Published in Network

Tories demand Johnson bow to the US over Huawei

by on10 March 2020


Expensive 5G is ok, only rich people should have it anyway


British Prime Minister Boris Johnson faces his first rebellion on Tuesday over his decision to allow China’s Huawei a role in building the country’s 5G phone network.

In January, Britain decided to allow Huawei into what it said were non-sensitive parts of the network, with its involvement capped at 35 percent.

The decision angered the United States, which wants to exclude the Chinese company from the West’s next-generation communications systems because of security concerns.

A group of Johnson’s Conservatives, said to number between 30 and 50 lawmakers, oppose the decision. They are planning to back a change, or amendment, to the Telecommunications Infrastructure Bill, despite that legislation having very little to do with the security of the network.

They want the companies termed by British security experts as “high-risk vendors”, which includes Huawei, stripped out of networks completely by the end of 2022.

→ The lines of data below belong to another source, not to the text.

lemma is_3SSI:
  assumes "finite R" and "\<And>r. r \<in> R \<Longrightarrow> 0 \<le> P r" and "sum P R = 1"
    and "\<And>i. \<exists>phi. \<forall>x\<in>S. \<forall>r\<in>R. 0 < P r \<longrightarrow> phi (view i (psi x r)) = x i"
    and "\<And>i x x' v. x \<in> S \<Longrightarrow> x' \<in> S \<Longrightarrow> x i = x' i \<Longrightarrow>
           sum P {r\<in>R. view i (psi x r) = v} = sum P {r\<in>R. view i (psi x' r) = v}"
  shows "is_3SS S R P psi"
  using assms unfolding is_3SS_def by blast

lemma
  assumes "is_3SS S R P psi"
  shows is_3SS_finite: "finite R"
    and is_3SS_nonneg: "r \<in> R \<Longrightarrow> 0 \<le> P r"
    and is_3SS_sum: "sum P R = 1"
    and is_3SS_decoder: "\<exists>phi. \<forall>x\<in>S. \<forall>r\<in>R. 0 < P r \<longrightarrow> phi (view i (psi x r)) = x i"
  using assms unfolding is_3SS_def by auto

lemma is_3SS_private:
  assumes "is_3SS S R P psi" and "x \<in> S" "x' \<in> S" "x i = x' i"
  shows "sum P {r\<in>R. view i (psi x r) = v} = sum P {r\<in>R. view i (psi x' r) = v}"
proof -
  have "\<forall>i. \<forall>x\<in>S. \<forall>x'\<in>S. x i = x' i \<longrightarrow>
      (\<forall>v. sum P {r\<in>R. view i (psi x r) = v} = sum P {r\<in>R. view i (psi x' r) = v})"
    using assms(1) unfolding is_3SS_def by (elim conjE)
  from this[rule_format, OF assms(2-4)] show ?thesis .
qed

definition support :: "nat set \<Rightarrow> (nat \<Rightarrow> real) \<Rightarrow> nat set" where
  "support R P = {r\<in>R. 0 < P r}"

lemma sum_pos_iff_ex_pos:
  fixes f :: "'a \<Rightarrow> 'b::ordered_comm_monoid_add"
  assumes "finite A" and "\<And>a. a \<in> A \<Longrightarrow> 0 \<le> f a"
  shows "0 < sum f A \<longleftrightarrow> (\<exists>a\<in>A. 0 < f a)"
  using sum_nonneg_eq_0_iff[OF assms] sum_nonneg[of A f] assms(2) by (auto simp: order.strict_iff_order)

lemma support_nonempty:
  assumes "is_3SS S R P psi"
  shows "support R P \<noteq> {}"
proof -
  have "0 < sum P R" using is_3SS_sum[OF assms] by simp
  then show ?thesis
    using sum_pos_iff_ex_pos[OF is_3SS_finite[OF assms] is_3SS_nonneg[OF assms]]
    by (auto simp: support_def)
qed

lemma mem_view_support_iff:
  assumes "is_3SS S R P psi"
  shows "u \<in> view i ` psi x ` support R P \<longleftrightarrow> 0 < sum P {r\<in>R. view i (psi x r) = u}"
  using sum_pos_iff_ex_pos[of "{r\<in>R. view i (psi x r) = u}" P]
    is_3SS_finite[OF assms] is_3SS_nonneg[OF assms]
  by (auto simp: support_def)

lemma view_support_eq:
  assumes "is_3SS S R P psi" and "x \<in> S" "x' \<in> S" "x i = x' i"
  shows "view i ` psi x ` support R P = view i ` psi x' ` support R P"
  by (rule set_eqI) (simp only: mem_view_support_iff[OF assms(1)] is_3SS_private[OF assms])

lemma view_support_disjoint:
  assumes "is_3SS S R P psi" and "x \<in> S" "x' \<in> S" "x i \<noteq> x' i"
  shows "view i ` psi x ` support R P \<inter> view i ` psi x' ` support R P = {}"
proof -
  obtain phi where phi: "\<forall>y\<in>S. \<forall>r\<in>R. 0 < P r \<longrightarrow> phi (view i (psi y r)) = y i"
    using is_3SS_decoder[OF assms(1)] by blast
  have decode: "phi u = y i" if "y \<in> S" "u \<in> view i ` psi y ` support R P" for u y
    using that phi unfolding support_def by blast
  show ?thesis
  proof (rule equals0I)
    fix u assume "u \<in> view i ` psi x ` support R P \<inter> view i ` psi x' ` support R P"
    then have "phi u = x i" "phi u = x' i" using decode assms(2,3) by blast+
    then show False using assms(4) by simp
  qed
qed

lemma view_I1_image_iff: "(u, t) \<in> view I1 ` W \<longleftrightarrow> (\<exists>v. (u, v, t) \<in> W)"
  by force

lemma view_I2_image_iff: "(v, u) \<in> view I2 ` W \<longleftrightarrow> (\<exists>t. (u, v, t) \<in> W)"
  by force

lemma view_I3_image_iff: "(t, v) \<in> view I3 ` W \<longleftrightarrow> (\<exists>u. (u, v, t) \<in> W)"
  by force

lemmas view_image_iffs = view_I1_image_iff view_I2_image_iff view_I3_image_iff

lemma double_card_le_card_if_fibres_ge_2:
  assumes fin: "finite A" and fibres: "\<And>y. y \<in> Y \<Longrightarrow> \<exists>a b. a \<noteq> b \<and> (a, y) \<in> A \<and> (b, y) \<in> A"
  shows "2 * card Y \<le> card A"
proof -
  obtain a b where ab: "\<And>y. y \<in> Y \<Longrightarrow> a y \<noteq> b y \<and> (a y, y) \<in> A \<and> (b y, y) \<in> A"
    using fibres by metis
  have "Y \<subseteq> snd ` A" using ab by force
  then have "finite Y" using fin finite_surj by blast
  let ?Xa = "(\<lambda>y. (a y, y)) ` Y" and ?Xb = "(\<lambda>y. (b y, y)) ` Y"
  have "card ?Xa = card Y" "card ?Xb = card Y" by (simp_all add: card_image inj_on_def)
  moreover have "card (?Xa \<union> ?Xb) = card ?Xa + card ?Xb"
    using ab \<open>finite Y\<close> by (intro card_Un_disjoint) fastforce+
  moreover have "card (?Xa \<union> ?Xb) \<le> card A"
    using ab fin by (intro card_mono) auto
  ultimately show ?thesis by simp
qed

text \<open>\<open>Wx\<close> stands for the set of share triples that secret \<open>x\<close> produces with positive
  probability; the assumptions are what correctness and privacy say about these sets.\<close>
locale share_supports =
  fixes W000 W010 W100 W101 :: "shares set"
  assumes finite_W000: "finite W000" and W000_nonempty: "W000 \<noteq> {}"
    and same_000_010: "view I1 ` W000 = view I1 ` W010" "view I3 ` W000 = view I3 ` W010"
    and apart_000_010: "view I2 ` W000 \<inter> view I2 ` W010 = {}"
    and same_000_100: "view I2 ` W000 = view I2 ` W100" "view I3 ` W000 = view I3 ` W100"
    and apart_000_100: "view I1 ` W000 \<inter> view I1 ` W100 = {}"
    and same_000_101: "view I2 ` W000 = view I2 ` W101"
    and same_100_101: "view I1 ` W100 = view I1 ` W101"
    and apart_100_101: "view I3 ` W100 \<inter> view I3 ` W101 = {}"
begin

lemma w31_has_two_w12:
  assumes "(u, v, t) \<in> W000"
  shows "\<exists>u'. u' \<noteq> u \<and> (u', t) \<in> view I1 ` W000"
proof -
  have "(t, v) \<in> view I3 ` W010"
    using assms by (auto simp: view_image_iffs simp flip: same_000_010(2))
  then obtain u' where u': "(u', v, t) \<in> W010" by (auto simp: view_image_iffs)
  have "(v, u) \<in> view I2 ` W000" "(v, u') \<in> view I2 ` W010"
    using assms u' by (auto simp: view_image_iffs)
  then have "u' \<noteq> u" using apart_000_010 by blast
  moreover have "(u', t) \<in> view I1 ` W000"
    using u' by (auto simp: view_image_iffs same_000_010(1))
  ultimately show ?thesis by blast
qed

lemma w12_has_two_w31_in_100:
  assumes "(u, v, t) \<in> W000"
  shows "\<exists>t1 t2. t1 \<noteq> t2 \<and> (u, t1) \<in> view I1 ` W100 \<and> (u, t2) \<in> view I1 ` W100"
proof -
  have "(v, u) \<in> view I2 ` W100" "(v, u) \<in> view I2 ` W101"
    using assms by (auto simp: view_image_iffs simp flip: same_000_100(1) same_000_101)
  then obtain t1 t2 where t1: "(u, v, t1) \<in> W100" and t2: "(u, v, t2) \<in> W101"
    by (auto simp: view_image_iffs)
  have "(t1, v) \<in> view I3 ` W100" "(t2, v) \<in> view I3 ` W101"
    using t1 t2 by (auto simp: view_image_iffs)
  then have "t1 \<noteq> t2" using apart_100_101 by blast
  moreover have "(u, t1) \<in> view I1 ` W100" using t1 by (auto simp: view_image_iffs)
  moreover have "(u, t2) \<in> view I1 ` W100" using t2 by (auto simp: view_image_iffs same_100_101)
  ultimately show ?thesis by blast
qed

lemma w31_of_100_occurs_in_000:
  assumes "(u, t) \<in> view I1 ` W100"
  shows "t \<in> snd ` view I1 ` W000"
proof -
  obtain v where "(t, v) \<in> view I3 ` W100" using assms by (auto simp: view_image_iffs)
  then obtain u' where "(u', t) \<in> view I1 ` W000"
    by (auto simp: view_image_iffs simp flip: same_000_100(2))
  then show ?thesis by force
qed

lemma w12_has_two_w23:
  assumes "(u, v, t) \<in> W000"
  shows "\<exists>v'. v' \<noteq> v \<and> (v', u) \<in> view I2 ` W000"
proof -
  have "(v, u) \<in> view I2 ` W101"
    using assms by (auto simp: view_image_iffs simp flip: same_000_101)
  then obtain t' where t': "(u, v, t') \<in> W101" by (auto simp: view_image_iffs)
  then have "(u, t') \<in> view I1 ` W100" by (auto simp: view_image_iffs same_100_101)
  then obtain v' where v': "(u, v', t') \<in> W100" by (auto simp: view_image_iffs)
  have "(t', v') \<in> view I3 ` W100" "(t', v) \<in> view I3 ` W101"
    using t' v' by (auto simp: view_image_iffs)
  then have "v' \<noteq> v" using apart_100_101 by blast
  moreover have "(v', u) \<in> view I2 ` W000"
    using v' by (auto simp: view_image_iffs same_000_100(1))
  ultimately show ?thesis by blast
qed

lemma card_view_I1_ge: "2 * card (snd ` view I1 ` W000) \<le> card (view I1 ` W000)"
proof (rule double_card_le_card_if_fibres_ge_2)
  show "finite (view I1 ` W000)" using finite_W000 by simp
next
  fix t assume "t \<in> snd ` view I1 ` W000"
  then obtain u v where p: "(u, v, t) \<in> W000" by force
  then obtain u' where "u' \<noteq> u" "(u', t) \<in> view I1 ` W000" using w31_has_two_w12 by blast
  moreover have "(u, t) \<in> view I1 ` W000" using p by (auto simp: view_image_iffs)
  ultimately show "\<exists>a b. a \<noteq> b \<and> (a, t) \<in> view I1 ` W000 \<and> (b, t) \<in> view I1 ` W000" by blast
qed

lemma card_view_I2_ge: "2 * card (fst ` view I1 ` W000) \<le> card (view I2 ` W000)"
proof (rule double_card_le_card_if_fibres_ge_2)
  show "finite (view I2 ` W000)" using finite_W000 by simp
next
  fix u assume "u \<in> fst ` view I1 ` W000"
  then obtain v t where p: "(u, v, t) \<in> W000" by force
  then obtain v' where "v' \<noteq> v" "(v', u) \<in> view I2 ` W000" using w12_has_two_w23 by blast
  moreover have "(v, u) \<in> view I2 ` W000" using p by (auto simp: view_image_iffs)
  ultimately show "\<exists>a b. a \<noteq> b \<and> (a, u) \<in> view I2 ` W000 \<and> (b, u) \<in> view I2 ` W000" by blast
qed

lemma card_w31_ge_2: "2 \<le> card (snd ` view I1 ` W000)"
proof -
  obtain w where "w \<in> W000" using W000_nonempty by blast
  moreover obtain u v t where "w = (u, v, t)" by (cases w)
  ultimately have "(u, v, t) \<in> W000" by simp
  then obtain t1 t2 where "t1 \<noteq> t2" "(u, t1) \<in> view I1 ` W100" "(u, t2) \<in> view I1 ` W100"
    using w12_has_two_w31_in_100 by blast
  then have "card {t1, t2} \<le> card (snd ` view I1 ` W000)"
    using finite_W000 w31_of_100_occurs_in_000 by (intro card_mono) auto
  then show ?thesis using \<open>t1 \<noteq> t2\<close> by simp
qed

text \<open>If some \<open>w12\<close> value occurs with two values \<open>t, t'\<close> of \<open>w31\<close>, the two further values
  supplied by the secret 100 are distinct from them because party 1 tells 000 and 100 apart.\<close>
lemma card_w31_ge_4_if_not_inj:
  assumes "\<not> inj_on fst (view I1 ` W000)"
  shows "4 \<le> card (snd ` view I1 ` W000)"
proof -
  obtain p q where pq: "p \<in> view I1 ` W000" "q \<in> view I1 ` W000" "fst p = fst q" "p \<noteq> q"
    using assms unfolding inj_on_def by blast
  then obtain u t t' where "p = (u, t)" "q = (u, t')" by (metis prod.collapse)
  with pq have tt': "t \<noteq> t'" "(u, t) \<in> view I1 ` W000" "(u, t') \<in> view I1 ` W000" by auto
  then obtain v where "(u, v, t) \<in> W000" by (auto simp: view_image_iffs)
  then obtain t1 t2 where t12: "t1 \<noteq> t2" "(u, t1) \<in> view I1 ` W100" "(u, t2) \<in> view I1 ` W100"
    using w12_has_two_w31_in_100 by blast
  then have "(u, t1) \<notin> view I1 ` W000" "(u, t2) \<notin> view I1 ` W000"
    using apart_000_100 by blast+
  then have "t1 \<notin> {t, t'}" "t2 \<notin> {t, t'}" using tt'(2,3) by auto
  then have "card {t, t', t1, t2} = 4" using tt'(1) t12(1) by auto
  moreover have "t \<in> snd ` view I1 ` W000" "t' \<in> snd ` view I1 ` W000"
    using tt'(2,3) by force+
  moreover have "t1 \<in> snd ` view I1 ` W000" "t2 \<in> snd ` view I1 ` W000"
    using t12(2,3) by (simp_all add: w31_of_100_occurs_in_000)
  ultimately have "{t, t', t1, t2} \<subseteq> snd ` view I1 ` W000" by simp
  then have "card {t, t', t1, t2} \<le> card (snd ` view I1 ` W000)"
    using finite_W000 by (intro card_mono) auto
  then show ?thesis using \<open>card {t, t', t1, t2} = 4\<close> by simp
qed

David Jones, a Conservative lawmaker who signed the amendment said: “We hope to curb the government’s enthusiasm for installing hardware produced by a company that they acknowledge to be ‘high risk.” 

The Conservative rebels acknowledge they do not as yet have the numbers to force a change to government policy. But they hope if more than 20 lawmakers vote against a newly-installed government it might be a sizeable warning shot across the bows to influence Johnson to take a harder line.